Tai Guo,a Yu Liu,a,* Yu Liu,a GuihuaYang,Jiachuan Chen,and Lucian A. Lucia b

A new fast-growing wood raw material, willow (Salix matsudana cv. Zhuliu), was subjected to pulping to identify the structure of its lignin. Thus, the black liquor lignin (AL) and enzymatic mild acidolysis lignin (EMAL) were prepared, and their molecular structure and molecular weight of the isolated lignin polymers were comprehensively investigated by Fourier transform infrared spectroscopy (FT-IR), two-dimensional nuclear magnetic resonance (2D-NMR HSQC), 13C nuclear magnetic resonance (13C-NMR), and gel permeation chromatography (GPC). The NMR results showed that syringyl (S) unit was the predominant structural monomeric unit in willow lignin, as opposed to guaiacyl (G) and p-hydroxyphenyl (H) units. The S/G ratio for the EMAL was found to be 2.02, whereas that for the AL was 0.94. The lignin in the black liquor (AL) fraction was modified during pulping, as shown by its reduced molecular weight. The two isolated lignin polymers, EMAL and AL showed low weight-average molecular weight: 4127 g/mol and 3522.5 g/mol, and in addition they exhibited low polydispersity index (Mw/Mn < 2.0).
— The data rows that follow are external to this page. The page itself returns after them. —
theorem corollary1p4:
  fixes N :: "('a, 'b) monoid_scheme" and \<phi> :: "'a \<Rightarrow> 'a" and S :: "'a set"
  assumes "group N"
    and "nilpotent_group N"
    and "torsion_free N"
    and "finite_generating_set N S"
    and "carrier N \<noteq> {\<one>\<^bsub>N\<^esub>}"
    and "\<phi> \<in> iso N N"
    and "homologically_trivial N \<phi>"
  shows "(\<forall>s \<in> S. convergent (entropy_seq N S \<phi> s)) \<and> entropy N S \<phi> = 1"
proof -
  interpret group N by fact
  have f: "\<phi> \<in> hom N N" "inj_on \<phi> (carrier N)"
    using assms(6) by (auto simp: iso_def bij_betw_imp_inj_on)
  obtain c where c: "lower_central N c = {\<one>\<^bsub>N\<^esub>}"
    using assms(2) by (auto simp: nilpotent_group_def)
  have limit: "entropy_seq N S \<phi> s \<longlonglongrightarrow> (if s = \<one>\<^bsub>N\<^esub> then 0 else 1)" if "s \<in> S" for s
    using entropy_seq_tendsto[OF assms(4) that f assms(7) c] .
  obtain s0 where s0: "s0 \<in> S" "s0 \<noteq> \<one>\<^bsub>N\<^esub>"
    using generating_set_nontrivial[OF assms(4,5)] .
  have "finite S" using assms(4) by (simp add: finite_generating_set_def)
  then have "entropy N S \<phi> = 1"
    unfolding entropy_def using limI[OF limit] s0 by (intro Max_eqI) (auto intro: rev_image_eqI)
  then show ?thesis using limit by (auto simp: convergent_def)
qed

end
Keywords: Lignin; FT-IR; 13C-NMR; 2D-NMR; GPC

Contact information: a: Key Laboratory of Pulp & Paper Science and Technology, Ministry of Education, Qilu University of Technology, Jinan, Shandong Province 250353; b: Department of Forest Biomaterials, North Carolina State University, Box 8005, Raleigh, NC27695-8005 USA;

* Corresponding author:


Recently, willow has been identified as a potential wood substrate because of the global shortage of various forest resources (Klašnja et al. 2005; Barimani et al. 2014). Willow not only has a good potential for the pulp and paper industry because it is fast-growing, but it also has great potential for biomass refining (Krzyżaniak et al. 2014). Indeed, more focus had been directed to the “biorefinery” based on fast-growing hardwood (Ayrilmis and Kaymakci 2014). A wider application for it in the future therefore demands a deeper understanding of its lignin structure and its ensuing chemistry reaction (Wu et al. 2015; Wen et al. 2015).

Lignin is the second most abundant natural biological macromolecule in the biosphere, and is isolated as a byproduct of wood pulping. It is an aromatic polymer widely present in plants and amorphous in nature, containing oxo-benzene-propanol or its derivatives as structural units (Boerjan et al. 2003). The main structural unit in lignin can be divided into three distinct units: syringyl units (S-lignin); guaiacyl units (G-lignin); and p-hydroxyphenyl units (H-lignin). Different preparation methods yield lignin with different chemical compositions and structures (Rencoret et al. 2009).

In today’s pulp industry, black liquor is being burned to obtain energy to run the pulp mill. However, more and more researchers are considering other applications for conversion of lignin to energy; for example, lignin has been considered as a replacement for phenol in phenolformaldehyde resins (Tejado et al. 2007, 2008), vanillin production (Araújo et al. 2010; Pinto et al. 2010), synthetic tanning agents production (Suparno et al. 2005), a biosorbent for heavy metals (Yun et al. 2008; Hengky et al. 2009), and dyes (Suteu et al. 2009; Saad et al. 2012).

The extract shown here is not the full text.